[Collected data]

|---|

(* Let $\mathbb{M}_2$ be the $2\times2$ complex matrices, $E_{12}$ the standard matrix unit, and $\mathfrak{S}\subset\mathbb{M}_2$ the operator system spanned by $I,E_{12},E_{21}$. For a unit vector $\xi=\xi_1e_1+\xi_2e_2\in\mathbb{C}^2$ let $\omega_\xi(a)=\langle a\xi,\xi\rangle$. Then: if $\xi_1$ is not of the form $\alpha\overline{\xi_2}$ with $|\alpha|=1$, $\omega_\xi$ does not have the unique extension property with respect to $\mathfrak{S}$; if $\xi_1=\alpha\overline{\xi_2}$ with $|\alpha|=1$, $\omega_\xi$ is $\mathfrak{S}$-peaking. Consequently every pure state on $\mathbb{M}_2$ having the unique extension property with respect to $\mathfrak{S}$ is $\mathfrak{S}$-peaking, while not every pure state on $\mathbb{M}_2$ is $\mathfrak{S}$-peaking (even though every irreducible $*$-representation of $\mathbb{M}_2$ is $\mathfrak{S}$-peaking).
   Context: A state $\psi$ on $\mathfrak{A}$ is $\mathfrak{S}$-peaking if there is a self-adjoint $s\in\mathfrak{S}$ with $\|s\|=1$ such that $\psi(s)=1>|\phi(s)|$ for every state $\phi\neq\psi$ on $\mathfrak{A}$. A state $\psi$ has the unique extension property with respect to $\mathfrak{S}$ if it is the only state on $\mathfrak{A}$ agreeing with $\psi$ on $\mathfrak{S}$. A unital $*$-representation $\pi$ is $\mathfrak{S}$-peaking if there is $s\in\mathfrak{S}$ with $\|\pi(s)\|>\|\rho(s)\|$ for every unital $*$-representation $\rho$ such that $\|\pi(a)\|\le\|\rho(a)\|$ fails for some $a$. *)

theory Defs
  imports "HOL-Analysis.Analysis"
begin

type_synonym cvec2 = "complex^2"
type_synonym mat2 = "complex^2^2"

definition cinner2 :: "cvec2 \<Rightarrow> cvec2 \<Rightarrow> complex" where
  "cinner2 x y = (\<Sum>i\<in>UNIV. x$i * cnj (y$i))"

definition adj2 :: "mat2 \<Rightarrow> mat2" where
  "adj2 A = (\<chi> i j. cnj (A$j$i))"

definition smult2 :: "complex \<Rightarrow> mat2 \<Rightarrow> mat2" where
  "smult2 c A = (\<chi> i j. c * A$i$j)"

definition mnorm2 :: "mat2 \<Rightarrow> real" where
  "mnorm2 A = onorm (\<lambda>x::cvec2. A *v x)"

definition munit :: "2 \<Rightarrow> 2 \<Rightarrow> mat2" where
  "munit k l = (\<chi> i j. if i = k \<and> j = l then 1 else 0)"

definition E12 :: mat2 where "E12 = munit 1 2"
definition E21 :: mat2 where "E21 = munit 2 1"

definition opsysS :: "mat2 set" where
  "opsysS = {smult2 a (mat 1) + smult2 b E12 + smult2 c E21 | a b c. True}"

definition positive2 :: "mat2 \<Rightarrow> bool" where
  "positive2 A \<longleftrightarrow> (\<forall>x. Im (cinner2 (A *v x) x) = 0 \<and> Re (cinner2 (A *v x) x) \<ge> 0)"

definition is_state :: "(mat2 \<Rightarrow> complex) \<Rightarrow> bool" where
  "is_state \<phi> \<longleftrightarrow>
     (\<forall>A B. \<phi> (A + B) = \<phi> A + \<phi> B) \<and>
     (\<forall>c A. \<phi> (smult2 c A) = c * \<phi> A) \<and>
     (\<forall>A. positive2 A \<longrightarrow> Im (\<phi> A) = 0 \<and> Re (\<phi> A) \<ge> 0) \<and>
     \<phi> (mat 1) = 1"

definition pure_state :: "(mat2 \<Rightarrow> complex) \<Rightarrow> bool" where
  "pure_state \<psi> \<longleftrightarrow> is_state \<psi> \<and>
     (\<forall>\<phi>1 \<phi>2 (t::real). is_state \<phi>1 \<and> is_state \<phi>2 \<and> 0 < t \<and> t < 1 \<and>
        \<psi> = (\<lambda>A. of_real t * \<phi>1 A + of_real (1 - t) * \<phi>2 A) \<longrightarrow> \<phi>1 = \<psi> \<and> \<phi>2 = \<psi>)"

definition S_peaking_state :: "(mat2 \<Rightarrow> complex) \<Rightarrow> bool" where
  "S_peaking_state \<psi> \<longleftrightarrow> (\<exists>s\<in>opsysS. adj2 s = s \<and> mnorm2 s = 1 \<and> \<psi> s = 1 \<and>
      (\<forall>\<phi>. is_state \<phi> \<and> \<phi> \<noteq> \<psi> \<longrightarrow> cmod (\<phi> s) < 1))"

definition unique_ext_prop :: "(mat2 \<Rightarrow> complex) \<Rightarrow> bool" where
  "unique_ext_prop \<psi> \<longleftrightarrow> (\<forall>\<phi>. is_state \<phi> \<and> (\<forall>s\<in>opsysS. \<phi> s = \<psi> s) \<longrightarrow> \<phi> = \<psi>)"

definition omega :: "cvec2 \<Rightarrow> mat2 \<Rightarrow> complex" where
  "omega \<xi> A = cinner2 (A *v \<xi>) \<xi>"

end

theory Submission
  imports Defs
begin

text \<open>A state \<phi> on M_2 is determined by p = \<phi> E11 \<in> [0,1] and w = \<phi> E12, subject to
  |w|^2 \<le> p (1 - p); its restriction to S only remembers w. Hence \<phi> has the unique
  extension property iff w determines p, i.e. iff |w| = 1/2 (which forces p = 1/2): for
  |w| < 1/2 the two vector states with p (1 - p) = |w|^2 are distinct extensions. When
  |w| = 1/2 the element s = I/2 + cnj w E12 + w E21 of S is a rank-one projection with
  \<phi> s = 1, and any state \<theta> with |\<theta> s| = 1 must have \<theta> E12 = w, hence \<theta> = \<phi>. For a
  vector state, |w| = |\<xi>1| |\<xi>2| equals 1/2 exactly when |\<xi>1| = |\<xi>2|. Since S-peaking
  states have the unique extension property, the pure state of e1, which has w = 0, is not
  S-peaking.\<close>

lemma norm_cvec2_sq: "(norm (x::cvec2))\<^sup>2 = (cmod (x$1))\<^sup>2 + (cmod (x$2))\<^sup>2"
  by (simp add: norm_vec_def L2_set_def sum_2)

lemma norm_cvec2_eq_1_iff: "norm (x::cvec2) = 1 \<longleftrightarrow> (cmod (x$1))\<^sup>2 + (cmod (x$2))\<^sup>2 = 1"
  by (simp add: norm_vec_def L2_set_def sum_2)

lemma norm_axis1_cvec2: "norm (axis 1 1 :: cvec2) = 1"
  by (simp add: norm_cvec2_eq_1_iff axis_def)

lemma mat2_eq_iff:
  "(A::mat2) = B \<longleftrightarrow> A$1$1 = B$1$1 \<and> A$1$2 = B$1$2 \<and> A$2$1 = B$2$1 \<and> A$2$2 = B$2$2"
  by (auto simp: vec_eq_iff forall_2)

lemma matrix_vector_mult_2:
  "((A::mat2) *v x)$1 = A$1$1 * x$1 + A$1$2 * x$2"
  "(A *v x)$2 = A$2$1 * x$1 + A$2$2 * x$2"
  by (simp_all add: matrix_vector_mult_def sum_2)

lemma cinner2_expand: "cinner2 x y = x$1 * cnj (y$1) + x$2 * cnj (y$2)"
  by (simp add: cinner2_def sum_2)

lemma munit_nth [simp]: "munit k l $ i $ j = (if i = k \<and> j = l then 1 else 0)"
  by (simp add: munit_def)

lemma smult2_nth [simp]: "smult2 c A $ i $ j = c * A$i$j"
  by (simp add: smult2_def)

lemma adj2_nth [simp]: "adj2 A $ i $ j = cnj (A$j$i)"
  by (simp add: adj2_def)

lemma mat2_munit_expand:
  "(A::mat2) = smult2 (A$1$1) (munit 1 1) + smult2 (A$1$2) (munit 1 2)
     + smult2 (A$2$1) (munit 2 1) + smult2 (A$2$2) (munit 2 2)"
  by (simp add: mat2_eq_iff)

lemma cmod_eq_iff_unimodular_cnj: "cmod a = cmod b \<longleftrightarrow> (\<exists>\<alpha>. cmod \<alpha> = 1 \<and> a = \<alpha> * cnj b)"
proof
  assume ab: "cmod a = cmod b"
  show "\<exists>\<alpha>. cmod \<alpha> = 1 \<and> a = \<alpha> * cnj b"
  proof (cases "b = 0")
    case True
    then show ?thesis using ab by (intro exI[of _ 1]) simp
  next
    case False
    then show ?thesis using ab by (intro exI[of _ "a / cnj b"]) (simp add: norm_divide)
  qed
qed (auto simp: norm_mult)

lemma cnj_mult_self_eq_quarter:
  assumes "cmod w = 1/2"
  shows "cnj w * w = 1/4"
proof -
  have "cnj w * w = of_real ((cmod w)\<^sup>2)"
    by (metis complex_norm_square mult.commute)
  also have "\<dots> = 1/4"
    unfolding assms by (simp add: power_divide)
  finally show ?thesis .
qed

subsection \<open>States on M_2\<close>

lemma state_expand:
  assumes "is_state \<phi>"
  shows "\<phi> A = A$1$1 * \<phi> (munit 1 1) + A$1$2 * \<phi> (munit 1 2)
    + A$2$1 * \<phi> (munit 2 1) + A$2$2 * \<phi> (munit 2 2)"
  using assms by (subst mat2_munit_expand) (simp add: is_state_def)

definition rank_one :: "cvec2 \<Rightarrow> mat2" where
  "rank_one z = (\<chi> i j. z$i * cnj (z$j))"

lemma rank_one_nth [simp]: "rank_one z $ i $ j = z$i * cnj (z$j)"
  by (simp add: rank_one_def)

lemma positive2_rank_one: "positive2 (rank_one z)"
  unfolding positive2_def
proof
  fix x :: cvec2
  define u where "u = z$1 * cnj (x$1) + z$2 * cnj (x$2)"
  have "cinner2 (rank_one z *v x) x = u * cnj u"
    by (simp add: cinner2_expand matrix_vector_mult_2 algebra_simps u_def)
  also have "\<dots> = of_real ((cmod u)\<^sup>2)"
    by (rule complex_norm_square[symmetric])
  finally show "Im (cinner2 (rank_one z *v x) x) = 0 \<and> 0 \<le> Re (cinner2 (rank_one z *v x) x)"
    by simp
qed

lemma state_rank_one:
  assumes "is_state \<phi>"
  shows "Im (\<phi> (rank_one z)) = 0" "0 \<le> Re (\<phi> (rank_one z))"
  using assms positive2_rank_one by (simp_all add: is_state_def)

lemma state_diag_nonneg:
  assumes "is_state \<phi>"
  shows "Im (\<phi> (munit i i)) = 0" "0 \<le> Re (\<phi> (munit i i))"
proof -
  have "rank_one (axis i 1) = munit i i"
    by (simp add: vec_eq_iff axis_def)
  then show "Im (\<phi> (munit i i)) = 0" "0 \<le> Re (\<phi> (munit i i))"
    using state_rank_one[OF assms, of "axis i 1"] by simp_all
qed

lemma state_diag_sum:
  assumes "is_state \<phi>"
  shows "Re (\<phi> (munit 1 1)) + Re (\<phi> (munit 2 2)) = 1"
proof -
  have "\<phi> (munit 1 1) + \<phi> (munit 2 2) = 1"
    using assms state_expand[OF assms, of "mat 1"] by (simp add: is_state_def mat_def)
  then show ?thesis
    by (metis one_complex.sel(1) plus_complex.sel(1))
qed

lemma state_munit21_eq_cnj:
  assumes "is_state \<phi>"
  shows "\<phi> (munit 2 1) = cnj (\<phi> (munit 1 2))"
proof -
  note expand = state_expand[OF assms]
  have "Im (\<phi> (munit 1 2) + \<phi> (munit 2 1)) = 0"
    using state_rank_one(1)[OF assms, of "vector [1, 1]"] expand[of "rank_one (vector [1, 1])"]
      state_diag_nonneg(1)[OF assms, of 1] state_diag_nonneg(1)[OF assms, of 2]
    by (simp add: complex_eq_iff)
  moreover have "Re (\<phi> (munit 1 2) - \<phi> (munit 2 1)) = 0"
    using state_rank_one(1)[OF assms, of "vector [1, \<i>]"] expand[of "rank_one (vector [1, \<i>])"]
      state_diag_nonneg(1)[OF assms, of 1] state_diag_nonneg(1)[OF assms, of 2]
    by (simp add: complex_eq_iff)
  ultimately show ?thesis
    by (simp add: complex_eq_iff)
qed

text \<open>Positivity at the vectors (-cnj w, p) and (q, -w) gives p (pq - |w|^2) \<ge> 0 and
  q (pq - |w|^2) \<ge> 0; add them, using p + q = 1.\<close>
lemma state_offdiag_sq_le:
  assumes st: "is_state \<phi>"
  defines "p \<equiv> Re (\<phi> (munit 1 1))" and "q \<equiv> Re (\<phi> (munit 2 2))" and "w \<equiv> \<phi> (munit 1 2)"
  shows "(cmod w)\<^sup>2 \<le> p * q"
proof -
  have entries: "\<phi> (munit 1 1) = of_real p" "\<phi> (munit 2 2) = of_real q" "\<phi> (munit 2 1) = cnj w"
    using state_diag_nonneg(1)[OF st] state_munit21_eq_cnj[OF st]
    by (simp_all add: complex_eq_iff p_def q_def w_def)
  have ww: "w * cnj w = of_real ((cmod w)\<^sup>2)"
    by (rule complex_norm_square[symmetric])
  have "\<phi> (rank_one (vector [- cnj w, of_real p])) = of_real (p * (p * q - (cmod w)\<^sup>2))"
    using state_expand[OF st, of "rank_one (vector [- cnj w, of_real p])"] entries ww
    by (simp add: w_def[symmetric] power2_eq_square; algebra)
  then have "0 \<le> p * (p * q - (cmod w)\<^sup>2)"
    using state_rank_one(2)[OF st, of "vector [- cnj w, of_real p]"] by simp
  moreover have "\<phi> (rank_one (vector [of_real q, - w])) = of_real (q * (p * q - (cmod w)\<^sup>2))"
    using state_expand[OF st, of "rank_one (vector [of_real q, - w])"] entries ww
    by (simp add: w_def[symmetric] power2_eq_square; algebra)
  then have "0 \<le> q * (p * q - (cmod w)\<^sup>2)"
    using state_rank_one(2)[OF st, of "vector [of_real q, - w]"] by simp
  ultimately have "0 \<le> (p + q) * (p * q - (cmod w)\<^sup>2)"
    by (simp add: distrib_right)
  then show ?thesis
    using state_diag_sum[OF st] by (simp add: p_def q_def)
qed

lemma state_offdiag_le_half:
  assumes "is_state \<phi>"
  shows "cmod (\<phi> (munit 1 2)) \<le> 1/2"
    and "cmod (\<phi> (munit 1 2)) = 1/2 \<Longrightarrow> Re (\<phi> (munit 1 1)) = 1/2"
proof -
  define p where "p = Re (\<phi> (munit 1 1))"
  have "Re (\<phi> (munit 2 2)) = 1 - p"
    using state_diag_sum[OF assms] by (simp add: p_def)
  then have "(cmod (\<phi> (munit 1 2)))\<^sup>2 \<le> p * (1 - p)"
    using state_offdiag_sq_le[OF assms] by (simp add: p_def)
  also have "\<dots> = 1/4 - (p - 1/2)\<^sup>2"
    by (simp add: power2_eq_square algebra_simps)
  finally have sq: "(cmod (\<phi> (munit 1 2)))\<^sup>2 + (p - 1/2)\<^sup>2 \<le> (1/2)\<^sup>2"
    by (simp add: power2_eq_square)
  then have "(cmod (\<phi> (munit 1 2)))\<^sup>2 \<le> (1/2)\<^sup>2"
    using zero_le_power2[of "p - 1/2"] by linarith
  then show "cmod (\<phi> (munit 1 2)) \<le> 1/2"
    by (rule power2_le_imp_le) simp
  show "Re (\<phi> (munit 1 1)) = 1/2" if "cmod (\<phi> (munit 1 2)) = 1/2"
    using sq that by (simp add: p_def)
qed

|---|

--- Exercise instructions ---
Return every line of the data above in which "imports" appears.

--- Your response ---
  imports "HOL-Analysis.Analysis"
  imports Defs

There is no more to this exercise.